Hartford police have responded to more than 80 shootings this year.
That number is far more than at this point last year.
On Thursday night, Hartford leaders met with community members to try and figure out ways to stop the violence. Everyone agrees there is no easy fix.
Community leaders hope places like the Arroyo Rec Center will play a role in decreasing violence.
The hours at the center have been extended throughout the summer until much later in the evening.
The folks who spoke at the meeting say everyone needs to pitch in if people are really serious about curbing this spike in violence.
Maria Feliciano is used to the violence and that’s what makes her so angry.
“It’s crazy and something’s got to give something’s got to change,” said Feliciano.
Feliciano understands the heartache gun violence has wreaked on her hometown.
Earlier this month, her close friend Miguel Perez was murdered on Hamilton Street, which brought back painful memories of when her brother Marvin was killed when she was just a teenager.
“You lose all control of your life and your thoughts you don’t even know who you are anymore,” Feliciano said.
Feliciano’s pain has inspired her to speak at the community forum on the escalating violence.

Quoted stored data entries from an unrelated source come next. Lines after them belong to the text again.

(* Let $p$ be a prime and let $(G,H,T)$ be an RCC loop folder of order $p$ with $\langle T\rangle=G$. Then $G$ is abelian.
   Context: A loop folder is a triple $(G,H,T)$ with $G$ a finite group, $H\le G$, and $T\subseteq G$ with $1\in T$ such that $T$ is a set of representatives for the right cosets $H^g\backslash G$ for every $g\in G$. It is an RCC loop folder if moreover $T$ is invariant under conjugation by $G$. Its order is $|T|$. *)

theory Defs
  imports "HOL-Algebra.Algebra"
begin

definition conj_set :: "('a, 'b) monoid_scheme \<Rightarrow> 'a set \<Rightarrow> 'a \<Rightarrow> 'a set" where
  "conj_set G H g = (\<lambda>h. inv\<^bsub>G\<^esub> g \<otimes>\<^bsub>G\<^esub> h \<otimes>\<^bsub>G\<^esub> g) ` H"

definition right_transversal :: "('a, 'b) monoid_scheme \<Rightarrow> 'a set \<Rightarrow> 'a set \<Rightarrow> bool" where
  "right_transversal G K T \<longleftrightarrow> T \<subseteq> carrier G \<and>
     (\<forall>C \<in> rcosets\<^bsub>G\<^esub> K. card (C \<inter> T) = 1)"

definition loop_folder :: "('a, 'b) monoid_scheme \<Rightarrow> 'a set \<Rightarrow> 'a set \<Rightarrow> bool" where
  "loop_folder G H T \<longleftrightarrow> group G \<and> finite (carrier G) \<and> subgroup H G \<and>
     T \<subseteq> carrier G \<and> \<one>\<^bsub>G\<^esub> \<in> T \<and>
     (\<forall>g \<in> carrier G. right_transversal G (conj_set G H g) T)"

definition RCC_loop_folder :: "('a, 'b) monoid_scheme \<Rightarrow> 'a set \<Rightarrow> 'a set \<Rightarrow> bool" where
  "RCC_loop_folder G H T \<longleftrightarrow> loop_folder G H T \<and>
     (\<forall>g \<in> carrier G. \<forall>t \<in> T. inv\<^bsub>G\<^esub> g \<otimes>\<^bsub>G\<^esub> t \<otimes>\<^bsub>G\<^esub> g \<in> T)"

end

theory Submission
  imports Defs
begin

text \<open>
  Let G act on the p right cosets of H, let Q be the induced permutation group and S the
  image of T. Then S is a conjugation-closed set of p permutations containing 1, sending the
  coset H to every coset, whose nontrivial members are fixed-point-free. Each such u has
  order p: its conjugacy class lies in S - {1}, so p divides the order of its centralizer,
  which therefore contains an element c of order p; c acts as a p-cycle, whose centralizer
  is generated by c. It follows that a nontrivial element of Q fixes at most one point, and
  counting the elements with a fixed point leaves room for at most p - 1 fixed-point-free
  ones. Hence S - {1} consists of exactly these, and so do the nontrivial powers of any
  u in S - {1}: S is commutative. Since T is a conjugation-invariant transversal, commuting
  images of t, t' in T force t and t' to commute, and T generates G.
\<close>

lemma (in group) cauchy_nontrivial_pow_prime_eq_one:
  assumes fin: "finite (carrier G)" and p: "Factorial_Ring.prime (p::nat)" and dvd: "p dvd order G"
  shows "\<exists>c\<in>carrier G. c \<noteq> \<one> \<and> c [^] p = \<one>"
proof -
  define a where "a = multiplicity p (order G)"
  have "p ^ a dvd order G" unfolding a_def by (rule multiplicity_dvd)
  then obtain m where om: "order G = p ^ a * m" by blast
  have "a \<ge> 1" unfolding a_def
    using dvd fin p multiplicity_gt_zero_iff[of "order G" p] prime_gt_1_nat[OF p]
    by (simp add: order_gt_0_iff_finite not_prime_unit Suc_le_eq)
  then have "p ^ a \<ge> 2"
    using prime_ge_2_nat[OF p] power_increasing[of 1 a p] by simp
  obtain P where P: "subgroup P G" "card P = p ^ a"
    using sylow_thm[OF p is_group om fin] by blast
  interpret P: subgroup P G by (rule P(1))
  have "P \<noteq> {\<one>}" using P(2) \<open>p ^ a \<ge> 2\<close> by auto
  then obtain x where x: "x \<in> P" "x \<noteq> \<one>" using P.one_closed by blast
  have xG: "x \<in> carrier G" using x P.subset by blast
  have "x [^] (p ^ a) = \<one>"
    using group.pow_order_eq_1[OF P.subgroup_is_group[OF is_group]] x P(2)
    by (simp add: order_def flip: nat_pow_consistent)
  define b where "b = (LEAST b. x [^] (p ^ b) = \<one>)"
  have xb: "x [^] (p ^ b) = \<one>" unfolding b_def by (rule LeastI) fact
  have b0: "b \<noteq> 0"
  proof
    assume "b = 0"
    with xb xG x show False by simp
  qed
  have "x [^] (p ^ (b - 1)) \<noteq> \<one>"
  proof
    assume "x [^] (p ^ (b - 1)) = \<one>"
    then have "b \<le> b - 1" unfolding b_def by (rule Least_le)
    with b0 show False by simp
  qed
  moreover have "(x [^] (p ^ (b - 1))) [^] p = \<one>"
    using xb xG b0 by (simp add: nat_pow_pow power_Suc2[symmetric])
  ultimately show ?thesis using xG by (intro bexI[of _ "x [^] (p ^ (b - 1))"]) auto
qed
lemma l1_dist_closed_segment:
  assumes "z \<in> closed_segment a b"
  shows "l1_dist a z + l1_dist z b = l1_dist a b"
proof -
  obtain u where u: "0 \<le> u" "u \<le> 1" "z = (1 - u) *\<^sub>R a + u *\<^sub>R b"
    using assms by (auto simp: closed_segment_def)
  have "\<bar>a$k - z$k\<bar> + \<bar>z$k - b$k\<bar> = \<bar>a$k - b$k\<bar>" for k
  proof -
    have "z$k = (1 - u) * a$k + u * b$k" using u(3) by simp
    then have "a$k - z$k = u * (a$k - b$k)" "z$k - b$k = (1 - u) * (a$k - b$k)"
      by (simp_all add: algebra_simps)
    then have "\<bar>a$k - z$k\<bar> = u * \<bar>a$k - b$k\<bar>" "\<bar>z$k - b$k\<bar> = (1 - u) * \<bar>a$k - b$k\<bar>"
      using u(1,2) by (simp_all add: abs_mult)
    then show ?thesis by (simp add: algebra_simps)
  qed
  from this[of 1] this[of 2] show ?thesis unfolding l1_dist_def by linarith
qed

lemma unit_segments_share_endpoint:
  assumes "lattice_adj p p'" "lattice_adj q q'"
    and "z \<in> closed_segment (lattice_point p) (lattice_point p')"
    and "z \<in> closed_segment (lattice_point q) (lattice_point q')"
  shows "{p, p'} \<inter> {q, q'} \<noteq> {}"
proof
  \<comment> \<open>Along a unit segment the \<open>l\<^sub>1\<close>-distances to the two endpoints add up to 1, so the endpoints
    of the two segments are pairwise at taxicab distance at most 1. Were they all distinct,
    \<open>p, q, q'\<close> would be pairwise adjacent, which parity forbids.\<close>
  assume disjoint: "{p, p'} \<inter> {q, q'} = {}"
  let ?v = lattice_point
  have on_p: "l1_dist (?v p) z + l1_dist z (?v p') = 1"
    using assms(1,3) l1_dist_closed_segment l1_dist_lattice_point by (simp add: lattice_adj_def)
  have on_q: "l1_dist (?v q) z + l1_dist z (?v q') = 1"
    using assms(2,4) l1_dist_closed_segment l1_dist_lattice_point by (simp add: lattice_adj_def)
  have sym: "l1_dist u v = l1_dist v u" for u v by (simp add: l1_dist_def abs_minus_commute)
  have "l1_dist (?v p) (?v q) + l1_dist (?v p') (?v q') \<le> 2"
    using on_p on_q l1_dist_triangle[of "?v p" "?v q" z] l1_dist_triangle[of "?v p'" "?v q'" z]
      sym[of z "?v q"] sym[of z "?v q'"] sym[of z "?v p'"] by linarith
  moreover have "l1_dist (?v p) (?v q') + l1_dist (?v p') (?v q) \<le> 2"
    using on_p on_q l1_dist_triangle[of "?v p" "?v q'" z] l1_dist_triangle[of "?v p'" "?v q" z]
      sym[of z "?v q"] sym[of z "?v q'"] sym[of z "?v p'"] by linarith
  ultimately have le2: "taxicab_dist p q + taxicab_dist p' q' \<le> 2" "taxicab_dist p q' + taxicab_dist p' q \<le> 2"
    by (simp_all add: l1_dist_lattice_point)
  have pos: "taxicab_dist a b \<ge> 1" if "a \<noteq> b" for a b
    using that by (cases a, cases b) (auto simp: taxicab_dist_def)
  have "taxicab_dist p q = 1" "taxicab_dist p q' = 1"
    using le2 pos[of p q] pos[of p' q'] pos[of p q'] pos[of p' q] disjoint by auto
  then have "lattice_adj p q" "lattice_adj q' p"
    by (simp_all add: lattice_adj_def taxicab_dist_commute)
  then show False using lattice_adj_no_triangle assms(2) by blast
qed

fun polygon_path :: "(int \<times> int) list \<Rightarrow> real \<Rightarrow> real^2" where
  "polygon_path [] = linepath 0 0"
| "polygon_path [p] = linepath (lattice_point p) (lattice_point p)"
| "polygon_path (p # q # ps) = linepath (lattice_point p) (lattice_point q) +++ polygon_path (q # ps)"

She wants the city to focus more on offering mental services to kids directly or indirectly impacted by violence.
Advocate Michelle Chase agrees these shootings are scarring young people.
“These children are re-traumatized each time they walk to school past these memorials it reminds them someone lost their life there,” said Chase from Hartford Systems of Care Collaborative.
Mayor Luke Bronin understands the concern and says the city is trying to protect kids and make the streets safer by keeping Hartford rec centers open later this summer and increasing police patrols.
But, the true cause of the violence epidemic is tied to two other huge issues.
“I think we need to continue to advocate for some big changes at the national and state level to address the problem of having too many guns out there and number two, an opioid epidemic that needs to be treated like a public health crisis,” said Bronin.
Feliciano understands big changes can’t happen overnight, but she does believe meetings like this can help start the process of creating a more peaceful Hartford, so fewer kids will know the pain she lives with.
“I don’t give up hope cause I’m still here but it does take a community,” Feliciano said.
The quadruple shooting was less than a half a mile from where the forum was held.
Police are still looking for the shooter. One of the victims is in critical condition.